Oct 262022

After seemingly wandering in the wilderness for eight years following the release of their debut album The Apotheosis of Death, the New Zealand band Exordium Mors have returned at last with a new full-length named As Legends Fade and Gods Die, which is now set for release on October 31st by Praetorian Sword Records.

They did break the silence with an electrifying 2019 single called “Surrounded by Serpents“, which is included on the new album, but it’s the combined impact of all seven songs that’s the most powerful reminder of the band’s dazzling (and violent) talents, and proof that they’ve scaled even greater heights on the new record. As the advance press for the album accurately portrays, “Exordium Mors’ sound is akin to a glorious sun burning everything in its sight”.

In the run-up to the album’s release the band led with “A Pyrrhic Sacrament“. That song has a savagely momentous opening and then begins to race on blistering hooves. The snare pops the neck and spits bullets while the riffing convulses and brays, and barbarous vocals shriek and bellow.

Everything moves at a dizzying, high-octane pace, everything calculated to keep your pulse rate up in the red zone, and the riffing brings thrashy chords into play along with plentiful flurries of insectile finger-work.

As if the song couldn’t be more electrifying or dervish-like, the band also throw in a soloing spectacle as a lead-in to one final instrumental storm of vitriol and volatility. And on top of all that, the song’s lyrics are ruthless, enraged, and quite fascinating.

Exordium Mors followed that with “Flesh of the Heathen“, which premiered at Decibel, with an intro by Chris Dick that lauded the album as a further step forward for the band: “Now, bolder, angrier, faster, and considerably more skilled, they’ve found the sweetest of abysses at the nexus of thrash, death, and black metals. Indeed, fans of Melechesh, Impiety, Desaster, and Zemial will certainly discover kinship in the razor-sharp, fast-as-fuck Exordium Mors“.

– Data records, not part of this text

(* Suppose $B$ is small and let $\sigma\in\Sigma$. (a) The $B$-graded ring $S_{B,\sigma}$ is strongly graded, i.e. $(S_{B,\sigma})_{\alpha+\beta}$ is the additive subgroup generated by the products $(S_{B,\sigma})_\alpha(S_{B,\sigma})_\beta$ for all $\alpha,\beta\in B$. (b) For every $B$-graded $S_B$-module $F$ and every $\alpha\in B$ there is an isomorphism of $S_{(\sigma)}$-modules $(F_\sigma)_\alpha\cong F_{(\sigma)}$.
   Context: Let $V$ be a real vector space of finite dimension $n$, $N\subseteq V$ a lattice (free $\mathbb{Z}$-submodule of rank $n$ spanning $V$), $M=\mathrm{Hom}(N,\mathbb{Z})$. Let $\Sigma$ be an $N$-fan: a finite set of sharp (containing no line) polyhedral cones in $V$, each the conic hull of finitely many elements of $N$, closed under faces, with the intersection of two cones a face of each; $\tau\preccurlyeq\sigma$ means $\tau$ is a face of $\sigma$. Let $\Sigma_1$ be the set of rays, $\sigma_1$ the rays that are faces of $\sigma$, $\rho_N$ the primitive generator of $N\cap\rho$. Let $c\colon M\to\mathbb{Z}^{\Sigma_1}$, $m\mapsto(m(\rho_N))_\rho$, $a\colon\mathbb{Z}^{\Sigma_1}\to A$ its cokernel, $\alpha_\rho=a(\delta_\rho)$, and $\widehat\alpha_\sigma=\sum_{\rho\in\Sigma_1\setminus\sigma_1}\alpha_\rho$. Picard group: with $\sigma^\perp_M=\{u\in M\mid u(\sigma)=0\}$, let $\overline P$ be the group of families $(m_\sigma)_{\sigma\in\Sigma}\in M^\Sigma$ with $m_\sigma-m_\tau\in\tau^\perp_M$ for all $\tau\preccurlyeq\sigma$, modulo $\prod_\sigma\sigma^\perp_M$; $\mathrm{Pic}(\Sigma)$ is $\overline P$ modulo the image of the diagonal $M\to\overline P$; it is regarded as a subgroup of $A$ via the injective map induced by $(m_\sigma)\mapsto a((m_\rho(\rho_N))_{\rho\in\Sigma_1})$. Let $B\subseteq A$ be a subgroup of finite index ("big"); $B$ is called small if $B\subseteq\mathrm{Pic}(\Sigma)$. Let $R$ be a commutative ring, $S_A=R[Z_\rho\mid\rho\in\Sigma_1]$ graded by $A$ with $\deg Z_\rho=\alpha_\rho$, and $S_B=\bigoplus_{\alpha\in B}(S_A)_\alpha$. For $\sigma\in\Sigma$ let $\widehat Z_\sigma=\prod_{\rho\in\Sigma_1\setminus\sigma_1}Z_\rho$ (of degree $\widehat\alpha_\sigma$); choose $m\geq1$ with $m\widehat\alpha_\sigma\in B$ for all $\sigma$. For a $B$-graded $S_B$-module $F$, $F_\sigma$ denotes the $B$-graded localization of $F$ at $\widehat Z_\sigma^m$ (independent of $m$), $S_{B,\sigma}=(S_B)_\sigma$, $F_{(\sigma)}=(F_\sigma)_0$ and $S_{(\sigma)}=(S_{B,\sigma})_0$. *)

theory Defs
  imports "HOL-Analysis.Analysis" "HOL-Library.Poly_Mapping" "HOL-Library.Function_Algebras"
begin

definition is_lattice :: "'a::euclidean_space set \<Rightarrow> bool" where
  "is_lattice N \<longleftrightarrow> (\<exists>B. independent B \<and> span B = UNIV \<and>
      N = {x. \<exists>k::'a \<Rightarrow> int. x = (\<Sum>b\<in>B. of_int (k b) *\<^sub>R b)})"

text \<open>M = Hom(N, Z): additive maps N -> Z (extended by 0 outside N).\<close>
definition dual_lattice :: "'a::euclidean_space set \<Rightarrow> ('a \<Rightarrow> int) set" where
  "dual_lattice N = {u. (\<forall>x\<in>N. \<forall>y\<in>N. u (x + y) = u x + u y) \<and> (\<forall>x. x \<notin> N \<longrightarrow> u x = 0)}"

text \<open>sigma-perp in M: the u in M vanishing on sigma (u is only defined on N, so on sigma \<inter> N).\<close>
definition perpM :: "'a::euclidean_space set \<Rightarrow> 'a set \<Rightarrow> ('a \<Rightarrow> int) set" where
  "perpM N \<sigma> = {u \<in> dual_lattice N. \<forall>x\<in>\<sigma> \<inter> N. u x = 0}"

definition cone_gen :: "'a::euclidean_space set \<Rightarrow> 'a set" where
  "cone_gen S = {x. \<exists>c. (\<forall>v\<in>S. c v \<ge> 0) \<and> x = (\<Sum>v\<in>S. c v *\<^sub>R v)}"

definition lattice_cone :: "'a::euclidean_space set \<Rightarrow> 'a set \<Rightarrow> bool" where
  "lattice_cone N \<sigma> \<longleftrightarrow> (\<exists>S. finite S \<and> S \<subseteq> N \<and> \<sigma> = cone_gen S)"

definition sharp :: "'a::euclidean_space set \<Rightarrow> bool" where
  "sharp \<sigma> \<longleftrightarrow> \<not> (\<exists>a v. v \<noteq> 0 \<and> (\<forall>t::real. a + t *\<^sub>R v \<in> \<sigma>))"

definition is_face :: "'a::euclidean_space set \<Rightarrow> 'a set \<Rightarrow> bool" where
  "is_face \<tau> \<sigma> \<longleftrightarrow> \<tau> face_of \<sigma> \<and> \<tau> \<noteq> {}"

definition is_fan :: "'a::euclidean_space set \<Rightarrow> 'a set set \<Rightarrow> bool" where
  "is_fan N \<Sigma> \<longleftrightarrow> finite \<Sigma> \<and>
     (\<forall>\<sigma>\<in>\<Sigma>. lattice_cone N \<sigma> \<and> sharp \<sigma>) \<and>
     (\<forall>\<sigma>\<in>\<Sigma>. \<forall>\<tau>. is_face \<tau> \<sigma> \<longrightarrow> \<tau> \<in> \<Sigma>) \<and>
     (\<forall>\<sigma>\<in>\<Sigma>. \<forall>\<sigma>'\<in>\<Sigma>. is_face (\<sigma> \<inter> \<sigma>') \<sigma> \<and> is_face (\<sigma> \<inter> \<sigma>') \<sigma>')"

definition rays :: "'a::euclidean_space set set \<Rightarrow> 'a set set" where
  "rays \<Sigma> = {\<rho> \<in> \<Sigma>. aff_dim \<rho> = 1}"

definition rays_of :: "'a::euclidean_space set set \<Rightarrow> 'a set \<Rightarrow> 'a set set" where
  "rays_of \<Sigma> \<sigma> = {\<rho> \<in> rays \<Sigma>. is_face \<rho> \<sigma>}"

definition prim :: "'a::euclidean_space set \<Rightarrow> 'a set \<Rightarrow> 'a" where
  "prim N \<rho> = (THE v. v \<in> N \<inter> \<rho> \<and> v \<noteq> 0 \<and> (\<forall>w\<in>N \<inter> \<rho>. \<exists>k::nat. w = of_nat k *\<^sub>R v))"

definition ZS :: "'a::euclidean_space set set \<Rightarrow> ('a set \<Rightarrow> int) set" where
  "ZS \<Sigma> = {x. \<forall>\<rho>. \<rho> \<notin> rays \<Sigma> \<longrightarrow> x \<rho> = 0}"

definition cmap :: "'a::euclidean_space set \<Rightarrow> 'a set set \<Rightarrow> ('a \<Rightarrow> int) \<Rightarrow> ('a set \<Rightarrow> int)" where
  "cmap N \<Sigma> u = (\<lambda>\<rho>. if \<rho> \<in> rays \<Sigma> then u (prim N \<rho>) else 0)"

text \<open>image of c; A = ZS / imc. Elements of A are represented by elements of ZS,
  and x, y represent the same element of A iff x - y \<in> imc.\<close>
definition imc :: "'a::euclidean_space set \<Rightarrow> 'a set set \<Rightarrow> ('a set \<Rightarrow> int) set" where
  "imc N \<Sigma> = cmap N \<Sigma> ` dual_lattice N"

text \<open>Preimage in ZS of Pic(Sigma) \<subseteq> A (under the injective map (m_sigma) |-> a((m_rho(rho_N))_rho)).\<close>
definition Pic_pre :: "'a::euclidean_space set \<Rightarrow> 'a set set \<Rightarrow> ('a set \<Rightarrow> int) set" where
  "Pic_pre N \<Sigma> = {x \<in> ZS \<Sigma>. \<exists>ms :: 'a set \<Rightarrow> ('a \<Rightarrow> int).
      (\<forall>\<sigma>\<in>\<Sigma>. ms \<sigma> \<in> dual_lattice N) \<and>
      (\<forall>\<sigma>\<in>\<Sigma>. \<forall>\<tau>. is_face \<tau> \<sigma> \<longrightarrow> ms \<sigma> - ms \<tau> \<in> perpM N \<tau>) \<and>
      x - (\<lambda>\<rho>. if \<rho> \<in> rays \<Sigma> then ms \<rho> (prim N \<rho>) else 0) \<in> imc N \<Sigma>}"

text \<open>A subgroup B of A, represented by its preimage Bp in ZS (a subgroup of ZS containing imc).
  Big = finite index.\<close>
definition big_subgroup :: "'a::euclidean_space set \<Rightarrow> 'a set set \<Rightarrow> ('a set \<Rightarrow> int) set \<Rightarrow> bool" where
  "big_subgroup N \<Sigma> Bp \<longleftrightarrow> Bp \<subseteq> ZS \<Sigma> \<and> imc N \<Sigma> \<subseteq> Bp \<and> 0 \<in> Bp \<and>
     (\<forall>x\<in>Bp. \<forall>y\<in>Bp. x + y \<in> Bp) \<and> (\<forall>x\<in>Bp. - x \<in> Bp) \<and>
     (\<exists>F. finite F \<and> F \<subseteq> ZS \<Sigma> \<and> (\<forall>z\<in>ZS \<Sigma>. \<exists>f\<in>F. z - f \<in> Bp))"

definition small_subgroup :: "'a::euclidean_space set \<Rightarrow> 'a set set \<Rightarrow> ('a set \<Rightarrow> int) set \<Rightarrow> bool" where
  "small_subgroup N \<Sigma> Bp \<longleftrightarrow> Bp \<subseteq> Pic_pre N \<Sigma>"

definition hatvec :: "'a::euclidean_space set set \<Rightarrow> 'a set \<Rightarrow> ('a set \<Rightarrow> int)" where
  "hatvec \<Sigma> \<sigma> = (\<lambda>\<rho>. if \<rho> \<in> rays \<Sigma> - rays_of \<Sigma> \<sigma> then 1 else 0)"

type_synonym ('a, 'r) pol = "('a set \<Rightarrow>\<^sub>0 nat) \<Rightarrow>\<^sub>0 'r"

definition SA :: "'a::euclidean_space set set \<Rightarrow> ('a, 'r::comm_ring_1) pol set" where
  "SA \<Sigma> = {p. \<forall>\<mu>\<in>Poly_Mapping.keys p. Poly_Mapping.keys \<mu> \<subseteq> rays \<Sigma>}"

definition mdeg :: "('a set \<Rightarrow>\<^sub>0 nat) \<Rightarrow> ('a set \<Rightarrow> int)" where
  "mdeg \<mu> = (\<lambda>\<rho>. int (Poly_Mapping.lookup \<mu> \<rho>))"

definition Scomp :: "'a::euclidean_space set \<Rightarrow> 'a set set \<Rightarrow> ('a set \<Rightarrow> int) \<Rightarrow> ('a, 'r::comm_ring_1) pol set" where
  "Scomp N \<Sigma> x = {p \<in> SA \<Sigma>. \<forall>\<mu>\<in>Poly_Mapping.keys p. mdeg \<mu> - x \<in> imc N \<Sigma>}"

definition SB :: "'a::euclidean_space set set \<Rightarrow> ('a set \<Rightarrow> int) set \<Rightarrow> ('a, 'r::comm_ring_1) pol set" where
  "SB \<Sigma> Bp = {p \<in> SA \<Sigma>. \<forall>\<mu>\<in>Poly_Mapping.keys p. mdeg \<mu> \<in> Bp}"

definition Zhat :: "'a::euclidean_space set set \<Rightarrow> 'a set \<Rightarrow> ('a, 'r::comm_ring_1) pol" where
  "Zhat \<Sigma> \<sigma> = Poly_Mapping.single (\<Sum>\<rho>\<in>rays \<Sigma> - rays_of \<Sigma> \<sigma>. Poly_Mapping.single \<rho> 1) 1"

That song is a delirious riot of maniacal drumming, fast-changing fretwork, and berserk vocals, and further proof of the band’s impressive technical skills, surgically precise execution, and intricate song-craft, but the song also interweaves mood-changing melodies that are sinister and gloomy but also exotic and brazenly imperious, as well as wild soloing that reaches epic heights and clean vocals that have a solemn and sorcerous air.

Perhaps even more so than the first single, “Flesh of the Heathen” also demonstrates just how multi-faceted the new album’s music is. You can indeed hear elements of black, thrash, and death metal, as well as arena-ready classic heavy metal, coupled with the kind of fast stick-shifting that would impress Formula One racers and a nimbleness of execution that’s eye-popping. The clarity of the production makes all that obvious, but the sharpness of the sound doesn’t detract from its take-no-prisoners savagery.

While those two songs were obvious choices for lead-off singles, it’s not as if the other five tracks are also-rans. Far from it. The opener “I Saw Oblivion” is worth hearing just for the alluring bass solo that starts the track — which is the only time you’ll be able to breathe easy during what becomes an exhilarating, head-spinning race. And “Surrounded by Serpents” has lost none of its pulse-pounding, mind-mangling power since its release as a single two years ago.

The overarching impression of the album is that we’ve been spun into an ultra-exuberant madhouse carnival set in an infernal realm, but the band do slow things down in the black-magic opening of “Crown of Dust”, which seems to beckon like wraiths, welcoming us to a wild hunt. There’s also a sense of desperate yearning met by haughty and heartless menace that comes through at times in final track “The Triumphator”.

In truth, it’s a tough album to sum up simply, because every song is a kaleidoscopic adventure, but we return to the feeling that courses through all of them: Yes, the music is sinister, generally unhinged, and frequently violent, but there’s a sense of unchained revelry — joy in execution, joy in expression, joy in the defiance of an outsider — that stands gloriously out front of all else.



We’ll also share these words from the press materials concerning the album’s lyrical themes:

The rabid words spat forth to this music rise from Ancient Roman and Hellenic wisdom forged with Satanism and Nietzschean thought: a parable of disdain against the modern world, against the 21st century morality and ultimately against death itself. Exordium Morsare comprised of men who draw from years of experience in metal, both in New Zealand and in Southeast Asia – life experience that knows that the human condition is the same everywhere and that humanity overall deserves contempt.

“The reckoning of my soul hath liberated me from their path. No man is born equal. No man is born free.”

As Legends Fade and Gods Die was recorded and mixed by Raj Singarajah and Cam Sinclair at Dynamic Rage Studios, New Zealand, and it was mastered by Luke Finlay of Primal Mastering. The fantastic cover art was created by Khaos Diktator Design, and Ross McGuire Design was responsible for the album layout.

Praetorian Sword will release the album on vinyl LP and digital formats.